To give full credit, director Stephen Brackett’s multi-ethnic cast and the message of self-acceptance are both welcome and healthy elements. And despite the fact that watered-down pop and rock have become ubiquitous show tune idioms, Iconis can crank out an effective number. Christine’s dreamy-sweet “I Love Play Rehearsal” is a paean to the pleasures of pretend and escape. Jeremy’s empowerment anthem “Loser Geek Whatever” honestly addresses the frustration beta kids feel in the teenage rat race. Best of all, the breakdown ballad “Michael in the Bathroom” gives the passionate Salazar a chance to shine. A fine example of the musical number as mini-drama, the song encapsulates the anguished defiance of a person abandoned by at a party, hiding out from public embarrassment.

A scene from Be More Chill.
A scene from Be More Chill. Maria Baranova

It’s a hard-working cast executing a lot of strenuous choreography (by Chase Brock) and singing their hearts out. But there are still tonal issues with the direction and songs, which tend to err on the side of cartoonish mania and goofy laughs at the expense of pathos or (heaven forbid) nuanced emotions. This is, after all, a show that begins with our hero unsuccessfully masturbating to Internet porn. Relatable, but not an auspicious introduction.

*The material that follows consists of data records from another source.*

(* If $X$ and $Y$ are directed acyclic graphs with $|V(X)|=|V(Y)|=n$, then $\mathrm{DFS}(X,Y)$ is acyclic, i.e. it contains no directed cycle.
   Context: Directed graphs are finite and loopless but may have multiple edges. For distinct vertices $a,b$ of a directed graph $X$, $m_X(a,b)\ge 0$ denotes the number of edges from $a$ to $b$ in $X$. A directed graph is acyclic if it has no directed cycle. For directed graphs $X,Y$ with $|V(X)|=|V(Y)|$, the directed friends-and-seats graph $\mathrm{DFS}(X,Y)$ is defined as follows. Its vertices are the bijections $\sigma:V(X)\to V(Y)$. For every bijection $\sigma$ and every ordered pair $(a,b)$ of distinct vertices of $X$, it has exactly $m_X(a,b)\,m_Y(\sigma(a),\sigma(b))$ edges from $\sigma$ to $\sigma\circ(a\,b)$, where $(a\,b)$ is the transposition exchanging $a$ and $b$. It has no other edges. *)

theory Defs
  imports "HOL-Library.FuncSet" "HOL-Combinatorics.Transposition"
begin

text \<open>A finite loopless directed multigraph is given by a finite vertex set V and an
edge multiplicity function m, where m a b is the number of edges from a to b.\<close>

definition dmultigraph :: "'a set \<Rightarrow> ('a \<Rightarrow> 'a \<Rightarrow> nat) \<Rightarrow> bool" where
  "dmultigraph V m \<longleftrightarrow> finite V \<and> (\<forall>a b. m a b > 0 \<longrightarrow> a \<in> V \<and> b \<in> V \<and> a \<noteq> b)"

definition dacyclic :: "'a set \<Rightarrow> ('a \<Rightarrow> 'a \<Rightarrow> nat) \<Rightarrow> bool" where
  "dacyclic V m \<longleftrightarrow> acyclic {(a, b). a \<in> V \<and> b \<in> V \<and> m a b > 0}"

definition dfs_vertices :: "'a set \<Rightarrow> 'b set \<Rightarrow> ('a \<Rightarrow> 'b) set" where
  "dfs_vertices VX VY = {\<sigma>. \<sigma> \<in> extensional VX \<and> bij_betw \<sigma> VX VY}"

definition dfs_mult :: "'a set \<Rightarrow> ('a \<Rightarrow> 'a \<Rightarrow> nat) \<Rightarrow> ('b \<Rightarrow> 'b \<Rightarrow> nat)
    \<Rightarrow> ('a \<Rightarrow> 'b) \<Rightarrow> ('a \<Rightarrow> 'b) \<Rightarrow> nat" where
  "dfs_mult VX mX mY \<sigma> \<tau> =
     (\<Sum>(a, b) \<in> {(a, b). a \<in> VX \<and> b \<in> VX \<and> a \<noteq> b \<and> \<tau> = \<sigma> \<circ> transpose a b}.
        mX a b * mY (\<sigma> a) (\<sigma> b))"

end

theory Submission
  imports Defs
begin

text \<open>Acyclic graphs X and Y admit strict rankings hX, hY along their edges. The potential
  \<open>\<Phi> \<sigma> = \<Sum>x. hX x * hY (\<sigma> x)\<close> strictly decreases along every edge of DFS(X,Y):
  an edge \<sigma> \<rightarrow> \<sigma> \<circ> (a b) needs a \<rightarrow> b in X and \<sigma> a \<rightarrow> \<sigma> b in Y, and swapping the values
  at a and b changes \<Phi> by \<open>(hX b - hX a) * (hY (\<sigma> a) - hY (\<sigma> b)) < 0\<close>, as in the
  rearrangement inequality. A directed cycle would therefore return to a smaller value of \<Phi>.\<close>

lemma finite_acyclic_strict_rank:
  assumes "finite r" and "acyclic r"
  obtains h :: "'a \<Rightarrow> nat" where "\<And>a b. (a, b) \<in> r \<Longrightarrow> h a < h b"
proof
  define h where "h a = card {c. (c, a) \<in> r\<^sup>+}" for a
  fix a b
  assume ab: "(a, b) \<in> r"
  have "finite (r\<^sup>+)" using assms(1) by (rule finite_trancl[THEN iffD2])
  then have fin: "finite {c. (c, b) \<in> r\<^sup>+}"
    by (rule finite_subset[rotated, OF finite_imageI[of _ fst]]) force
  have "{c. (c, a) \<in> r\<^sup>+} \<subset> {c. (c, b) \<in> r\<^sup>+}"
    using ab assms(2) by (auto intro: trancl_into_trancl simp: acyclic_def)
  then show "h a < h b" unfolding h_def using fin by (rule psubset_card_mono[rotated])
qed

lemma acyclic_if_strictly_decreasing:
  fixes f :: "'a \<Rightarrow> 'b :: order"
  assumes "\<And>x y. (x, y) \<in> R \<Longrightarrow> f y < f x"
  shows "acyclic R"
proof -
  have "f y < f x" if "(x, y) \<in> R\<^sup>+" for x y
    using that by (induction rule: trancl_induct) (use assms in \<open>force dest: order.strict_trans\<close>)+
  then show ?thesis unfolding acyclic_def by blast
qed

lemma sum_mult_transpose_diff:
  fixes f g :: "'a \<Rightarrow> 'b :: comm_ring_1"
  assumes "finite A" and "a \<in> A" and "b \<in> A" and "a \<noteq> b"
  shows "(\<Sum>x\<in>A. f x * g (transpose a b x)) - (\<Sum>x\<in>A. f x * g x)
           = (f b - f a) * (g a - g b)"
proof -
  have bij: "bij_betw (transpose a b) A A"
    using assms(2,3) by simp
  have "(\<Sum>x\<in>A. f x * g (transpose a b x)) = (\<Sum>y\<in>A. f (transpose a b y) * g y)"
    using sum.reindex_bij_betw[OF bij, of "\<lambda>x. f x * g (transpose a b x)"] by simp
  then have "(\<Sum>x\<in>A. f x * g (transpose a b x)) - (\<Sum>x\<in>A. f x * g x)
               = (\<Sum>y\<in>A. (f (transpose a b y) - f y) * g y)"
    by (simp add: sum_subtractf algebra_simps)
  also have "\<dots> = (\<Sum>y\<in>{a, b}. (f (transpose a b y) - f y) * g y)"
    by (rule sum.mono_neutral_right) (use assms in auto)
  also have "\<dots> = (f b - f a) * (g a - g b)"
    using assms(4) by (simp add: algebra_simps)
  finally show ?thesis .
qed

lemma dacyclic_strict_rank:
  assumes "dmultigraph V m" and "dacyclic V m"
  obtains h :: "'a \<Rightarrow> nat" where "\<And>a b. 0 < m a b \<Longrightarrow> h a < h b"
proof -
  let ?r = "{(a, b). a \<in> V \<and> b \<in> V \<and> 0 < m a b}"
  have "finite ?r"
    using assms(1) unfolding dmultigraph_def by (auto intro: finite_subset[of _ "V \<times> V"])
  then obtain h :: "'a \<Rightarrow> nat" where "\<And>a b. (a, b) \<in> ?r \<Longrightarrow> h a < h b"
    using finite_acyclic_strict_rank[OF _ assms(2)[unfolded dacyclic_def]] by blast
  then show thesis using assms(1) that unfolding dmultigraph_def by blast
qed

lemma dfs_mult_posE:
  assumes "0 < dfs_mult VX mX mY \<sigma> \<tau>"
  obtains a b where "a \<in> VX" "b \<in> VX" "a \<noteq> b" "\<tau> = \<sigma> \<circ> transpose a b"
    and "0 < mX a b" and "0 < mY (\<sigma> a) (\<sigma> b)"
proof -
  from assms obtain p where
    "p \<in> {(a, b). a \<in> VX \<and> b \<in> VX \<and> a \<noteq> b \<and> \<tau> = \<sigma> \<circ> transpose a b}"
    "(case p of (a, b) \<Rightarrow> mX a b * mY (\<sigma> a) (\<sigma> b)) \<noteq> 0"
    unfolding dfs_mult_def by (rule sum.not_neutral_contains_not_neutral[OF gr_implies_not0])
  then show thesis using that by (cases p) auto
qed

theorem mainTheorem5:
  fixes VX :: "'a set" and mX :: "'a \<Rightarrow> 'a \<Rightarrow> nat"
    and VY :: "'b set" and mY :: "'b \<Rightarrow> 'b \<Rightarrow> nat"
  assumes "dmultigraph VX mX" and "dmultigraph VY mY"
    and "dacyclic VX mX" and "dacyclic VY mY"
    and "card VX = card VY"
  shows "dacyclic (dfs_vertices VX VY) (dfs_mult VX mX mY)"
proof -
  obtain hX :: "'a \<Rightarrow> nat" where hX: "\<And>a b. 0 < mX a b \<Longrightarrow> hX a < hX b"
    using dacyclic_strict_rank[OF assms(1,3)] by blast
  obtain hY :: "'b \<Rightarrow> nat" where hY: "\<And>a b. 0 < mY a b \<Longrightarrow> hY a < hY b"
    using dacyclic_strict_rank[OF assms(2,4)] by blast
  define \<Phi> where "\<Phi> \<sigma> = (\<Sum>x\<in>VX. int (hX x) * int (hY (\<sigma> x)))" for \<sigma> :: "'a \<Rightarrow> 'b"
  have "\<Phi> \<tau> < \<Phi> \<sigma>" if edge: "0 < dfs_mult VX mX mY \<sigma> \<tau>" for \<sigma> \<tau>
  proof -
    obtain a b where ab: "a \<in> VX" "b \<in> VX" "a \<noteq> b" and \<tau>: "\<tau> = \<sigma> \<circ> transpose a b"
      and "0 < mX a b" and "0 < mY (\<sigma> a) (\<sigma> b)"
      by (rule dfs_mult_posE[OF edge])
    then have "hX a < hX b" and "hY (\<sigma> a) < hY (\<sigma> b)" using hX hY by blast+
    have "\<Phi> \<tau> - \<Phi> \<sigma> = (int (hX b) - int (hX a)) * (int (hY (\<sigma> a)) - int (hY (\<sigma> b)))"
      unfolding \<Phi>_def \<tau> using assms(1) ab unfolding dmultigraph_def
      by (simp add: sum_mult_transpose_diff[where g = "\<lambda>x. int (hY (\<sigma> x))"])
    also have "\<dots> < 0"
      using \<open>hX a < hX b\<close> \<open>hY (\<sigma> a) < hY (\<sigma> b)\<close> by (simp add: mult_pos_neg)
    finally show ?thesis by simp
  qed
  then show ?thesis
    unfolding dacyclic_def by (intro acyclic_if_strictly_decreasing[where f = \<Phi>]) auto
qed

end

Ultimately, Be More Chill doesn’t have either the yearning and pain of Dear Evan Hansen, or the whip-smart satire of Mean Girls. Had the creative team trusted their audience to go darker or weirder, the material might have resonated beyond a Nickelodeon allegory of social conditioning and the dangers of corporate technology.

Roland, who recently played the comic-relief sidekick in Dear Evan Hansen, is an appealing presence with a nice pop tenor, but he has trouble carrying a show with a character whose stakes, let’s face it, are pretty superficial. Besides Salazar, the production’s biggest delight is Stephanie Hsu, who makes her smart, sensible Christine engaging and vibrant, despite having too little to do. Joe Tracz’s sketchy, thin book should delve more into her life and Michael’s. Here’s yet another musical where a couple of songs might have been cut in favor of book scenes to strengthen the overall narrative.

Still, I can understand why so many young (and not so young) people are drawn to Be More Chill. It’s broad but earnest, reflecting them as they cower in a bathroom or wish a magic capsule would endow confidence. It’s not depressive like Dear Evan Hansen. It actually seems to like teens and teen culture. I just hope the juniors that flock to this, Frozen, and SpongeBob SquarePants can grow up and appreciate more demanding stuff. Because that would be really cool.